-- Your instructions --
Locate the string "intro" throughout the material and copy every line in which it occurs.

-- Data excerpts --
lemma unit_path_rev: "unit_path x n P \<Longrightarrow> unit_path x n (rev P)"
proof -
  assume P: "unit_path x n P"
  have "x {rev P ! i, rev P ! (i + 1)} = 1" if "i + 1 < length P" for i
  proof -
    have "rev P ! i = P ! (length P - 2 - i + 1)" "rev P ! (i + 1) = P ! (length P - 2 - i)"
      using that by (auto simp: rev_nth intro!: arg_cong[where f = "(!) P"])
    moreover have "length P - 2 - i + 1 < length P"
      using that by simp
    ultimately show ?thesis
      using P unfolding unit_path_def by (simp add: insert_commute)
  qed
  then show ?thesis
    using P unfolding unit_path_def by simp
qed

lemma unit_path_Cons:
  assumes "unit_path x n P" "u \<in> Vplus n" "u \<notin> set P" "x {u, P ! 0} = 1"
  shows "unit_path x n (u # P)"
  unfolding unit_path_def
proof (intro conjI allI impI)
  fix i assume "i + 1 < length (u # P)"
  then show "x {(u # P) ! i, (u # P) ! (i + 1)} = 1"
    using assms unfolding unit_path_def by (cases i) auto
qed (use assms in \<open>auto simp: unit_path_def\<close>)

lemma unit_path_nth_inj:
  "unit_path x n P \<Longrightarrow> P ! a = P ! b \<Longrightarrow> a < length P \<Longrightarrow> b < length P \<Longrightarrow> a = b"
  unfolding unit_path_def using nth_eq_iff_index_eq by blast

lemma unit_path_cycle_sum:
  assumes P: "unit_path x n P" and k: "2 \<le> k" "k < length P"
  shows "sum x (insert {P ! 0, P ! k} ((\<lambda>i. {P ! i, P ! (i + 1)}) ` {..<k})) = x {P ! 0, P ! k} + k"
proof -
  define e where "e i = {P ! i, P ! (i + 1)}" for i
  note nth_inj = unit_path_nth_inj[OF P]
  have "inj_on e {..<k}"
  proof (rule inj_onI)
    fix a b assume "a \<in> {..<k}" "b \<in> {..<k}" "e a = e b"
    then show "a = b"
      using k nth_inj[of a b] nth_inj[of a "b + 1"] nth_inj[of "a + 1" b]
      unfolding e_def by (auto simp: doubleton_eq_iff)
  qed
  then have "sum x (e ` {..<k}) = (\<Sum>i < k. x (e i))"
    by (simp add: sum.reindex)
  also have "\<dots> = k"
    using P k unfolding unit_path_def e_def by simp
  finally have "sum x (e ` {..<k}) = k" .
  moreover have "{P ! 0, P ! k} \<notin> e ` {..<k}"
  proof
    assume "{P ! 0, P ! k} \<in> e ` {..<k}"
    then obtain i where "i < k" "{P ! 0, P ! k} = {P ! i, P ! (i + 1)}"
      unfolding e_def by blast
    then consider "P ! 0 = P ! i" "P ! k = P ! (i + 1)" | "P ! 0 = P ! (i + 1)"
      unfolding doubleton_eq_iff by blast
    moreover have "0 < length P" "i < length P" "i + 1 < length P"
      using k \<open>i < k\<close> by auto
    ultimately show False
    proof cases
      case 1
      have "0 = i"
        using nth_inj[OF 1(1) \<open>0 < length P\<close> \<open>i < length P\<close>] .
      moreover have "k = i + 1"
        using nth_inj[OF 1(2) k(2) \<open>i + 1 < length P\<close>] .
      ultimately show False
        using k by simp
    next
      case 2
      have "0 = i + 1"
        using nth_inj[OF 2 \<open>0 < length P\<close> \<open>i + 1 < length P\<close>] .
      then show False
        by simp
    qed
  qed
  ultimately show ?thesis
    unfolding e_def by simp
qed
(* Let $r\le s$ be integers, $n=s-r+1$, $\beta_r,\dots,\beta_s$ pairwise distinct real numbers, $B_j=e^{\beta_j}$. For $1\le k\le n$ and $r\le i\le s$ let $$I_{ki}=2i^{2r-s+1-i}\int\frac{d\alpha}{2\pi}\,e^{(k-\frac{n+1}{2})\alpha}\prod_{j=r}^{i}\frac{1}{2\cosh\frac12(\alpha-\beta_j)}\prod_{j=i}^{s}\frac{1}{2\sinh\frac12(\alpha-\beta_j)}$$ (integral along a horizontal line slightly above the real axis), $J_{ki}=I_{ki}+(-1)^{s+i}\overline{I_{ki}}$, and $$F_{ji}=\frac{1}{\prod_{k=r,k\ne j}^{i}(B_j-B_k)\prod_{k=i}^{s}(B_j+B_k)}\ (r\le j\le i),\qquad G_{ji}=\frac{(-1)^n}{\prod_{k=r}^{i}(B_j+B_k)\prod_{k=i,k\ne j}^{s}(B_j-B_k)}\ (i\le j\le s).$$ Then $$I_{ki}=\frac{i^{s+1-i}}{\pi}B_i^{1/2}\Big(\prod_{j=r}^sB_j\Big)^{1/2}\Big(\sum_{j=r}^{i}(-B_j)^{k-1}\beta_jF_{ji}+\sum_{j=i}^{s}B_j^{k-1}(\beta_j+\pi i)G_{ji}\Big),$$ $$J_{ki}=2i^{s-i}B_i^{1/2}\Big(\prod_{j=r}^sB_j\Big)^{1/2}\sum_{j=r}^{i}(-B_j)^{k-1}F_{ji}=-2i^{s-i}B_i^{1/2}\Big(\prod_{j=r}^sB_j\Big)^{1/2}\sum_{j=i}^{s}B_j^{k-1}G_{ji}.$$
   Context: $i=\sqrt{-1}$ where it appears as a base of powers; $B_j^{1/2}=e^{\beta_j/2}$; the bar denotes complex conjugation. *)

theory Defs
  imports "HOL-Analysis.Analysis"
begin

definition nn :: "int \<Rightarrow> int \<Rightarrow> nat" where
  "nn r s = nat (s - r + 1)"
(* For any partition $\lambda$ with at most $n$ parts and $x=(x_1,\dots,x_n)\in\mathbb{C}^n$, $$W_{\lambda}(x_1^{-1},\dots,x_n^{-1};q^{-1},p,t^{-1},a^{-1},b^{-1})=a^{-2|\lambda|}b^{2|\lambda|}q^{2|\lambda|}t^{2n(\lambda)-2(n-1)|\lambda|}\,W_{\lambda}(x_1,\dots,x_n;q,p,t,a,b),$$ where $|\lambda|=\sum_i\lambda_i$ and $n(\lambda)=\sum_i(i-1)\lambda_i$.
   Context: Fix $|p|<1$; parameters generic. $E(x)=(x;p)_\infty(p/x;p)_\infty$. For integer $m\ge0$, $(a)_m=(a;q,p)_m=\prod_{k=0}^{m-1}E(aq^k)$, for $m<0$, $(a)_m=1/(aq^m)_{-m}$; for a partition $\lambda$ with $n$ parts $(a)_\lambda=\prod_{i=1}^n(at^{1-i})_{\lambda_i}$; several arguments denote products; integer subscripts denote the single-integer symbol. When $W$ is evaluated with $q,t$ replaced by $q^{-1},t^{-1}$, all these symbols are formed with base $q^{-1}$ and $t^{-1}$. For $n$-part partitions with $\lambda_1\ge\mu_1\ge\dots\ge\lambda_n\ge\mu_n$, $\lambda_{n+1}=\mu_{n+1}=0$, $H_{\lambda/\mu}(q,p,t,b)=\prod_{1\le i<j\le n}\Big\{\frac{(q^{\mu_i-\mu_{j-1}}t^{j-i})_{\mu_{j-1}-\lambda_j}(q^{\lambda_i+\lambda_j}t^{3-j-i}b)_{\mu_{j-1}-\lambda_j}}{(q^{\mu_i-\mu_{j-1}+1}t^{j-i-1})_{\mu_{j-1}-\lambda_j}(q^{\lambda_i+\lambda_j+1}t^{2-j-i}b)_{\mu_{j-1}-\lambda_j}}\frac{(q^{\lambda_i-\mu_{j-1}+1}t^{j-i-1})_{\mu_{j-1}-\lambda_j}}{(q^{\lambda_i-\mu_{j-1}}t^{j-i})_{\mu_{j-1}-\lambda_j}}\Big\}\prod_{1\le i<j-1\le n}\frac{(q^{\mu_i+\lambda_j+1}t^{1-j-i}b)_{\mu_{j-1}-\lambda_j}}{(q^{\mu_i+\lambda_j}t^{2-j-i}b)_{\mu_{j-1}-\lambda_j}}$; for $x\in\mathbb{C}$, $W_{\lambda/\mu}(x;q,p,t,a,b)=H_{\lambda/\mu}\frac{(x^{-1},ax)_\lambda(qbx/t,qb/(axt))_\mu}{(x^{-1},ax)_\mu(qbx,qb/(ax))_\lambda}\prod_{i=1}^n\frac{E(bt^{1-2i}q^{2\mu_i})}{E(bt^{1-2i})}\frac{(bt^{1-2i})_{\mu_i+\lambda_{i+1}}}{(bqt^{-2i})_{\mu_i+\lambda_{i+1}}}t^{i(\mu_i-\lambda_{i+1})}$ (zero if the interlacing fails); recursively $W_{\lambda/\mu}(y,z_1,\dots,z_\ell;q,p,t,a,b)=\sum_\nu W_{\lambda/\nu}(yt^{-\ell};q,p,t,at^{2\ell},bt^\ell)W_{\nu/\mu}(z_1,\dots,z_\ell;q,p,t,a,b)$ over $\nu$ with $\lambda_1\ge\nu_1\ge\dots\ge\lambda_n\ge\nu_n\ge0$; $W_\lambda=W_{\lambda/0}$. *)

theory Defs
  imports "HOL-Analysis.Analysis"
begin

-- Written answer --
      using that by (auto simp: rev_nth intro!: arg_cong[where f = "(!) P"])
proof (intro conjI allI impI)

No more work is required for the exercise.